(Your goal):
Lines below starting with the line with "(\<lambda>S. i \<in>" and going on through the line with "MP M by linarith" must be output exactly; the rest of the records must be left out.

◆ ◆ ◆

lemma gauss_weighted_trunc_le:
  assumes N: "N > 0" and a: "0 < a" "a \<le> B" and w: "B < \<bar>w\<bar>"
  shows "exp (- (real N * J / 2 * w\<^sup>2)) * trunc_laplace_nu a N w
           \<le> exp (- (real N - 1) * (J * (B\<^sup>2 / 2 - a * B))) * exp (- (J / 2) * w\<^sup>2 + J * a * \<bar>w\<bar>)"
proof -
  have "B\<^sup>2 / 2 - a * B \<le> w\<^sup>2 / 2 - a * \<bar>w\<bar>"
  proof -
    have "w\<^sup>2 / 2 - a * \<bar>w\<bar> - (B\<^sup>2 / 2 - a * B) = (\<bar>w\<bar> - B) * ((\<bar>w\<bar> + B) / 2 - a)"
      by (simp add: power2_eq_square field_simps)
    also have "\<dots> \<ge> 0" using a w by (intro mult_nonneg_nonneg) auto
    finally show ?thesis by simp
  qed
  hence "(real N - 1) * J * (B\<^sup>2 / 2 - a * B) \<le> (real N - 1) * J * (w\<^sup>2 / 2 - a * \<bar>w\<bar>)"
    using N J_pos by (intro mult_left_mono) auto
  moreover have "- (real N * J / 2 * w\<^sup>2) + real N * J * a * \<bar>w\<bar>
      = - ((real N - 1) * J * (w\<^sup>2 / 2 - a * \<bar>w\<bar>)) + (- (J / 2) * w\<^sup>2 + J * a * \<bar>w\<bar>)"
    by (simp add: field_simps)
  moreover have "- (real N - 1) * (J * (B\<^sup>2 / 2 - a * B)) = - ((real N - 1) * J * (B\<^sup>2 / 2 - a * B))"
    by (simp only: minus_mult_left mult.assoc)
  ultimately have "- (real N * J / 2 * w\<^sup>2) + real N * J * a * \<bar>w\<bar>
           \<le> - (real N - 1) * (J * (B\<^sup>2 / 2 - a * B)) + (- (J / 2) * w\<^sup>2 + J * a * \<bar>w\<bar>)"
    by linarith
  hence "exp (- (real N * J / 2 * w\<^sup>2)) * exp (real N * J * a * \<bar>w\<bar>)
           \<le> exp (- (real N - 1) * (J * (B\<^sup>2 / 2 - a * B))) * exp (- (J / 2) * w\<^sup>2 + J * a * \<bar>w\<bar>)"
    by (simp only: exp_add[symmetric] exp_le_cancel_iff)
  moreover have "exp (- (real N * J / 2 * w\<^sup>2)) * trunc_laplace_nu a N w
                   \<le> exp (- (real N * J / 2 * w\<^sup>2)) * exp (real N * J * a * \<bar>w\<bar>)"
    by (intro mult_left_mono trunc_laplace_nu_le) simp
  ultimately show ?thesis by linarith
qed

definition truncation_error :: "real \<Rightarrow> real \<Rightarrow> real \<Rightarrow> real \<Rightarrow> nat \<Rightarrow> complex" where
  "truncation_error a B r \<gamma> N =
     (\<integral>w. gauss_phase r \<gamma> N w * complex_of_real (trunc_laplace_nu a N w) \<partial>lborel)
     - (\<integral>w. indicator {-B..B} w * (gauss_phase r \<gamma> N w * complex_of_real (laplace_nu N w)) \<partial>lborel)"
(* For all integers $r\ge 3$ and $t$ with $1\le t\le r-2$, there exists an integer $n(r,t)$ such that for every $n\ge n(r,t)$, $$\iota_0(t,n;r)=\max\left\{n^{r-t}-(n-1)^{r-t}+t(n-1),\ (t+2)n^{r-t-1}-(t+1)n^{r-t-2}\right\}.$$
   Context: Let $X_\ell=[n_\ell]$ for $1\le\ell\le r$. For $A,B\in X_1\times\dots\times X_r$, write $A\cap B=\{\ell\in[r]:A[\ell]=B[\ell]\}$, where $A[\ell]$ is the $\ell$-th coordinate. A family $\mathcal F\subseteq X_1\times\dots\times X_r$ is $t$-intersecting if $|A\cap B|\ge t$ for all $A,B\in\mathcal F$. Let $\bigcap\mathcal F=\{\ell\in[r]:\text{all members of }\mathcal F\text{ have the same }\ell\text{-th coordinate}\}$. A $t$-intersecting family is non-trivial if $|\bigcap\mathcal F|<t$. For integers $r>t\ge1$ and $n_1\ge\dots\ge n_r\ge 2$, $\iota_0(t,n_1,\dots,n_r)$ denotes the maximum size of a non-trivial $t$-intersecting family $\mathcal F\subseteq X_1\times\dots\times X_r$, and $\iota_0(t,n;r)=\iota_0(t,n,\dots,n)$ with $r$ entries equal to $n$. *)

theory Defs
  imports "HOL-Library.FuncSet"
begin

text \<open>Elements of X_1 x ... x X_r are modelled as extensional functions on the
coordinate set {0..<r} (coordinate l+1 of the paper is index l here), with
the l-th coordinate in {0..<ns l} (a copy of [n_l]).\<close>

definition grid :: "nat \<Rightarrow> (nat \<Rightarrow> nat) \<Rightarrow> (nat \<Rightarrow> nat) set" where
  "grid r ns = PiE {..<r} (\<lambda>l. {..<ns l})"

definition agree :: "nat \<Rightarrow> (nat \<Rightarrow> nat) \<Rightarrow> (nat \<Rightarrow> nat) \<Rightarrow> nat set" where
  "agree r A B = {l \<in> {..<r}. A l = B l}"

definition t_intersecting :: "nat \<Rightarrow> nat \<Rightarrow> (nat \<Rightarrow> nat) set \<Rightarrow> bool" where
  "t_intersecting r t F \<longleftrightarrow> (\<forall>A\<in>F. \<forall>B\<in>F. card (agree r A B) \<ge> t)"

definition common_coords :: "nat \<Rightarrow> (nat \<Rightarrow> nat) set \<Rightarrow> nat set" where
  "common_coords r F = {l \<in> {..<r}. \<forall>A\<in>F. \<forall>B\<in>F. A l = B l}"

definition nontrivial_t_intersecting ::
  "nat \<Rightarrow> (nat \<Rightarrow> nat) \<Rightarrow> nat \<Rightarrow> (nat \<Rightarrow> nat) set \<Rightarrow> bool" where
  "nontrivial_t_intersecting r ns t F \<longleftrightarrow>
     F \<subseteq> grid r ns \<and> t_intersecting r t F \<and> card (common_coords r F) < t"

definition iota0 :: "nat \<Rightarrow> nat \<Rightarrow> (nat \<Rightarrow> nat) \<Rightarrow> nat" where
  "iota0 r t ns = Max (card ` {F. nontrivial_t_intersecting r ns t F})"

definition iota0_uniform :: "nat \<Rightarrow> nat \<Rightarrow> nat \<Rightarrow> nat" where
  "iota0_uniform t n r = iota0 r t (\<lambda>_. n)"

end

theory Submission
  imports Defs
begin
lemma evenperm_transpose_comp:
  "permutation w \<Longrightarrow> a \<noteq> b \<Longrightarrow> evenperm (transpose a b \<circ> w) \<longleftrightarrow> \<not> evenperm w"
  by (simp add: evenperm_comp permutation_swap_id evenperm_swap)

lemma evenperm_comp_transpose:
  "permutation w \<Longrightarrow> a \<noteq> b \<Longrightarrow> evenperm (w \<circ> transpose a b) \<longleftrightarrow> \<not> evenperm w"
  by (simp add: evenperm_comp permutation_swap_id evenperm_swap)

lemma permutes_Suc_fixing_iff:
  "w permutes {1..Suc n} \<and> w (Suc n) = Suc n \<longleftrightarrow> w permutes {1..n}"
proof
  assume w: "w permutes {1..Suc n} \<and> w (Suc n) = Suc n"
  show "w permutes {1..n}"
  proof (rule permutes_superset[of w "{1..Suc n}"])
    show "w x = x" if "x \<in> {1..Suc n} - {1..n}" for x
    proof -
      have "x = Suc n" using that by auto
      then show ?thesis using w by simp
    qed
  qed (use w in simp)
next
  assume "w permutes {1..n}"
  then show "w permutes {1..Suc n} \<and> w (Suc n) = Suc n"
    using permutes_subset[of w "{1..n}" "{1..Suc n}"] permutes_not_in[of w "{1..n}" "Suc n"]
    by auto
qed

definition transpositions :: "nat \<Rightarrow> (nat \<Rightarrow> nat) set" where
  "transpositions n = {transpose i j | i j. i \<in> {1..n} \<and> j \<in> {1..n} \<and> i \<noteq> j}"

lemma transpositions_mono: "n \<le> n' \<Longrightarrow> transpositions n \<subseteq> transpositions n'"
  unfolding transpositions_def by force

lemma transpose_in_transpositions:
  "a \<in> {1..n} \<Longrightarrow> b \<in> {1..n} \<Longrightarrow> a \<noteq> b \<Longrightarrow> transpose a b \<in> transpositions n"
  unfolding transpositions_def by blast

lemma prod_of_transpositions_permutes:
  "prod_of (transpositions n) r w \<Longrightarrow> w permutes {1..n}"
proof (induction r arbitrary: w)
  case (Suc r)
  then obtain a b u where "a \<in> {1..n}" "b \<in> {1..n}" "u permutes {1..n}" "w = transpose a b \<circ> u"
    by (auto simp: prod_of_Suc transpositions_def)
  then show ?case
    using permutes_compose permutes_swap_id by metis
qed simp

lemma evenperm_prod_of_transpositions:
  "prod_of (transpositions n) r w \<Longrightarrow> evenperm w \<longleftrightarrow> even r"
proof (induction r arbitrary: w)
  case (Suc r)
  then obtain a b u where ab: "a \<noteq> b" and u: "prod_of (transpositions n) r u"
    and w: "w = transpose a b \<circ> u"
    by (auto simp: prod_of_Suc transpositions_def)
  have "permutation u"
    using prod_of_transpositions_permutes[OF u] by (auto simp: permutation_permutes)
  then show ?case
    unfolding w using evenperm_transpose_comp[OF _ ab] Suc.IH[OF u] even_Suc by metis
qed simp
lemma estimate_fails_rarely:
  fixes f :: "nat set \<Rightarrow> real"
  assumes kn: "k \<le> n" and sn: "s + 1 \<le> n" and i: "i < n"
    and range: "\<forall>S. S \<subseteq> {..<n} \<longrightarrow> f S \<in> {0..M}"
    and \<epsilon>: "\<epsilon> > 0" and MP: "M \<le> P * \<epsilon>" and m: "real m \<ge> 144 * real n ^ 3 * (2 * P + 1)\<^sup>2"
  shows "measure_pmf.prob (Pi_pmf {..<m} dd (\<lambda>_. Dsub n k s))
           {x. \<bar>vhat f x m s i - cond_marg f n s i\<bar> > \<epsilon>} \<le> 8 * exp (- 2 * real n)"
proof -
  define Q where "Q = Pi_pmf {..<m} dd (\<lambda>_. Dsub n k s)"
  define cin :: "nat set \<Rightarrow> bool" where "cin = (\<lambda>S. i \<in> S \<and> card S = s + 1)"
  define cout :: "nat set \<Rightarrow> bool" where "cout = (\<lambda>S. i \<notin> S \<and> card S = s)"
  define err where "err c j x = \<bar>average (hits x m c) (\<lambda>t. f (x t))
                                  - average {S \<in> subsets_of_size n j. c S} f\<bar>" for c j x
  have in_class: "{S \<in> subsets_of_size n (s + 1). cin S} = {T \<in> subsets_of_size n (s + 1). i \<in> T}"
    and out_class: "{S \<in> subsets_of_size n s. cout S} = {S \<in> subsets_of_size n s. i \<notin> S}"
    by (auto simp: cin_def cout_def subsets_of_size_def)
  have n: "real n > 0" and M: "M \<ge> 0" using sn range by auto
  have "0 \<le> P * \<epsilon>" using MP M by linarith
  then have "P \<ge> 0" using \<epsilon> by (simp add: zero_le_mult_iff)
  then have "0 < 144 * real n ^ 3 * (2 * P + 1)\<^sup>2" using n by simp
  then have m0: "m > 0" using m by linarith
  have "exp (- real m * (\<epsilon> / 2 / (3 * real n) / (M + \<epsilon> / 2))\<^sup>2 / 8) \<le> exp (- 2 * real n)"
    using sample_size_exponent_bound[of "real n" "\<epsilon> / 2" M P "real m"] n \<epsilon> M MP m by simp
  moreover have "measure_pmf.prob Q {x. err cin (s + 1) x > \<epsilon> / 2}
                   \<le> 4 * exp (- real m * (\<epsilon> / 2 / (3 * real n) / (M + \<epsilon> / 2))\<^sup>2 / 8)"
  proof -
    have "card (subsets_of_size n (s + 1)) \<le> n * card {S \<in> subsets_of_size n (s + 1). cin S}"
      unfolding in_class card_subsets_with[OF i] card_subsets_of_size
      using binomial_Suc_le_mult_binomial_diff[of n s] by simp
    then show ?thesis unfolding Q_def err_def
      by (intro class_average_concentration[OF kn sn _ _ _ range m0]) (use \<epsilon> in \<open>auto simp: cin_def\<close>)
  qed
  moreover have "measure_pmf.prob Q {x. err cout s x > \<epsilon> / 2}
                   \<le> 4 * exp (- real m * (\<epsilon> / 2 / (3 * real n) / (M + \<epsilon> / 2))\<^sup>2 / 8)"
  proof -
    have "card (subsets_of_size n s) \<le> n * card {S \<in> subsets_of_size n s. cout S}"
      unfolding out_class card_subsets_without[OF i] card_subsets_of_size
      using binomial_le_mult_binomial_diff[of s n] sn by simp
    then show ?thesis unfolding Q_def err_def
      by (intro class_average_concentration[OF kn sn _ _ _ range m0]) (use \<epsilon> in \<open>auto simp: cout_def\<close>)
  qed
  moreover have "{x. \<bar>vhat f x m s i - cond_marg f n s i\<bar> > \<epsilon>}
                   \<subseteq> {x. err cin (s + 1) x > \<epsilon> / 2} \<union> {x. err cout s x > \<epsilon> / 2}"
  proof
    fix x assume "x \<in> {x. \<bar>vhat f x m s i - cond_marg f n s i\<bar> > \<epsilon>}"
    moreover have "vhat f x m s i - cond_marg f n s i
          = (average (hits x m cin) (\<lambda>t. f (x t)) - average {S \<in> subsets_of_size n (s + 1). cin S} f)
          - (average (hits x m cout) (\<lambda>t. f (x t)) - average {S \<in> subsets_of_size n s. cout S} f)"
      unfolding vhat_eq_average_diff cond_marg_eq_average_diff[OF i] in_class out_class
      by (simp add: cin_def cout_def)
    ultimately show "x \<in> {x. err cin (s + 1) x > \<epsilon> / 2} \<union> {x. err cout s x > \<epsilon> / 2}"
      unfolding err_def mem_Collect_eq Un_iff by linarith
  qed
  then have "measure_pmf.prob Q {x. \<bar>vhat f x m s i - cond_marg f n s i\<bar> > \<epsilon>}
               \<le> measure_pmf.prob Q {x. err cin (s + 1) x > \<epsilon> / 2} + measure_pmf.prob Q {x. err cout s x > \<epsilon> / 2}"
    by (intro order_trans[OF measure_pmf.finite_measure_mono measure_Un_le]) auto
  ultimately show ?thesis unfolding Q_def by linarith
qed
lemma (in prob_space) expectation_gap_le:
  fixes \<psi> :: "'u::{real_inner, second_countable_topology} \<Rightarrow> ereal"
  assumes \<psi>: "proper_closed_convex \<psi>" "bounded (edom \<psi>)" "\<And>u. \<psi> u \<ge> 0"
    and u: "u \<in> borel_measurable M" "\<And>\<omega>. u \<omega> \<in> edom \<psi>"
    and H: "(\<lambda>\<omega>. adj B (H \<omega>)) \<in> borel_measurable M"
    and h: "integrable M h" "\<And>\<omega>. norm (adj B (G \<omega>) - adj B (H \<omega>)) \<le> h \<omega>"
  shows "expectation (\<lambda>\<omega>. gap \<psi> B (G \<omega>) (u \<omega>))
    \<le> expectation (\<lambda>\<omega>. gap \<psi> B (H \<omega>) (u \<omega>)) + diameter (edom \<psi>) * expectation h"
proof -
  have "\<bar>gap \<psi> B (G \<omega>) (u \<omega>) - gap \<psi> B (H \<omega>) (u \<omega>)\<bar> \<le> diameter (edom \<psi>) * h \<omega>" for \<omega>
    using abs_gap_diff_le[OF \<psi>(2,3) u(2)] mult_left_mono[OF h(2) diameter_ge_0[OF \<psi>(2)]]
    by (blast intro: order_trans)
  then have "expectation (\<lambda>\<omega>. gap \<psi> B (G \<omega>) (u \<omega>))
      \<le> expectation (\<lambda>\<omega>. gap \<psi> B (H \<omega>) (u \<omega>)) + expectation (\<lambda>\<omega>. diameter (edom \<psi>) * h \<omega>)"
    by (rule integral_le_integral_add_of_dist_le[OF borel_measurable_gap[OF \<psi> H u(1)] gap_nonneg[OF \<psi>(2,3) u(2)]])
      (use h(1) in simp)
  then show ?thesis by simp
qed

◆ ◆ ◆

(Problem solution):
  define cin :: "nat set \<Rightarrow> bool" where "cin = (\<lambda>S. i \<in> S \<and> card S = s + 1)"
  define cout :: "nat set \<Rightarrow> bool" where "cout = (\<lambda>S. i \<notin> S \<and> card S = s)"
  define err where "err c j x = \<bar>average (hits x m c) (\<lambda>t. f (x t))
                                  - average {S \<in> subsets_of_size n j. c S} f\<bar>" for c j x
  have in_class: "{S \<in> subsets_of_size n (s + 1). cin S} = {T \<in> subsets_of_size n (s + 1). i \<in> T}"
    and out_class: "{S \<in> subsets_of_size n s. cout S} = {S \<in> subsets_of_size n s. i \<notin> S}"
    by (auto simp: cin_def cout_def subsets_of_size_def)
  have n: "real n > 0" and M: "M \<ge> 0" using sn range by auto
  have "0 \<le> P * \<epsilon>" using MP M by linarith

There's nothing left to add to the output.